(Saved data entries)
lemma not_in_grid_shift_perp:
  "perp a b \<Longrightarrow> in_grid m n p \<Longrightarrow> \<not> in_grid m n (shift p b l)
    \<Longrightarrow> \<not> in_grid m n (shift (shift p a k) b l)"
  by (cases a; cases b) (auto simp: perp_def in_grid_def shift_def)

lemma ex_dir_iff: "(\<exists>d. P d) \<longleftrightarrow> P North \<or> P East \<or> P South \<or> P West"
  by (metis dir.exhaust)

lemma adjacent_imp_shift: "adjacent p q \<Longrightarrow> \<exists>d. q = shift p d 1"
  unfolding adjacent_def ex_dir_iff by (simp add: shift_def prod_eq_iff) arith

section \<open>Trajectories\<close>

definition no_arrow :: "(cell \<Rightarrow> (nat \<times> dir) option) \<Rightarrow> nat \<Rightarrow> cell \<Rightarrow> bool" where
  "no_arrow L i p \<longleftrightarrow> (\<forall>e. L p \<noteq> Some (i, e))"

lemma turn_no_arrow: "no_arrow L i p \<Longrightarrow> turn L i p d = d"
  by (auto simp: turn_def no_arrow_def split: option.split)

lemma traj_0_no_arrow: "no_arrow L i q \<Longrightarrow> traj L i q d 0 = (q, d)"
  by (simp add: turn_no_arrow)

lemma traj_Suc_eq:
  "traj L i q d (Suc k) =
     (shift (fst (traj L i q d k)) (snd (traj L i q d k)) 1,
      turn L i (shift (fst (traj L i q d k)) (snd (traj L i q d k)) 1) (snd (traj L i q d k)))"
  by (simp add: split_beta Let_def)

declare traj.simps(2) [simp del]

lemma traj_straight:
  assumes "\<forall>j\<le>k. no_arrow L i (shift q d (int j))"
  shows "traj L i q d k = (shift q d (int k), d)"
  using assms
proof (induction k)
  case 0
  then show ?case by (simp add: turn_no_arrow)
next
  case (Suc k)
  then have "traj L i q d k = (shift q d (int k), d)" by simp
  moreover have "no_arrow L i (shift q d (int (Suc k)))" using Suc.prems by blast
  ultimately show ?case by (simp add: traj_Suc_eq turn_no_arrow add.commute)
qed

lemma traj_step_back:
  assumes "traj L i q d (Suc j) = (p, e)" and "no_arrow L i p"
  shows "traj L i q d j = (shift p e (-1), e)"
proof -
  obtain p' e' where prev: "traj L i q d j = (p', e')" by fastforce
  with assms have "p = shift p' e' 1" "e = e'"
    by (auto simp: traj_Suc_eq turn_no_arrow)
  then show ?thesis using prev by simp
qed

section \<open>Perfect layouts\<close>

lemma two_other_colours:
  "3 \<le> c \<Longrightarrow> \<exists>t u. t < c \<and> u < c \<and> t \<noteq> s \<and> u \<noteq> s \<and> t \<noteq> (u :: nat)"
  by (rule exI[of _ "if s = 0 then 1 else 0"], rule exI[of _ "if s = 2 then 1 else 2"]) auto

locale perfect_board =
  fixes m n c :: nat and sink :: "nat \<Rightarrow> cell" and L :: "cell \<Rightarrow> (nat \<times> dir) option"
  assumes board: "board m n c sink" and perfect: "perfect_layout m n c sink L"
begin

abbreviation vacant :: "cell \<Rightarrow> bool" where
  "vacant \<equiv> empty_cell m n c sink"

abbreviation arm :: "nat \<Rightarrow> dir \<Rightarrow> bool" where
  "arm \<equiv> two_away m n c sink"

lemma sink_eq_iff: "i < c \<Longrightarrow> j < c \<Longrightarrow> sink i = sink j \<longleftrightarrow> i = j"
  using board by (auto simp: board_def inj_on_def)

lemma sink_not_vacant [simp]: "i < c \<Longrightarrow> \<not> vacant (sink i)"
  by (simp add: empty_cell_def is_sink_def)

lemma sink_in_grid: "i < c \<Longrightarrow> in_grid m n (sink i)"
  using board by (simp add: board_def)

lemma no_arrow_if_not_vacant: "\<not> vacant p \<Longrightarrow> no_arrow L i p"
  using perfect unfolding perfect_layout_def layout_def no_arrow_def by (metis prod.collapse)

§ Work instruction:
Reproduce exactly the line that contains "section \<open>Perfect layouts\<close>" together with each line after it to the end of the entries; include no other lines.

§ Response below:
section \<open>Perfect layouts\<close>

lemma two_other_colours:
  "3 \<le> c \<Longrightarrow> \<exists>t u. t < c \<and> u < c \<and> t \<noteq> s \<and> u \<noteq> s \<and> t \<noteq> (u :: nat)"
  by (rule exI[of _ "if s = 0 then 1 else 0"], rule exI[of _ "if s = 2 then 1 else 2"]) auto

locale perfect_board =
  fixes m n c :: nat and sink :: "nat \<Rightarrow> cell" and L :: "cell \<Rightarrow> (nat \<times> dir) option"
  assumes board: "board m n c sink" and perfect: "perfect_layout m n c sink L"
begin

abbreviation vacant :: "cell \<Rightarrow> bool" where
  "vacant \<equiv> empty_cell m n c sink"

abbreviation arm :: "nat \<Rightarrow> dir \<Rightarrow> bool" where
  "arm \<equiv> two_away m n c sink"

lemma sink_eq_iff: "i < c \<Longrightarrow> j < c \<Longrightarrow> sink i = sink j \<longleftrightarrow> i = j"
  using board by (auto simp: board_def inj_on_def)

lemma sink_not_vacant [simp]: "i < c \<Longrightarrow> \<not> vacant (sink i)"
  by (simp add: empty_cell_def is_sink_def)

lemma sink_in_grid: "i < c \<Longrightarrow> in_grid m n (sink i)"
  using board by (simp add: board_def)

lemma no_arrow_if_not_vacant: "\<not> vacant p \<Longrightarrow> no_arrow L i p"
  using perfect unfolding perfect_layout_def layout_def no_arrow_def by (metis prod.collapse)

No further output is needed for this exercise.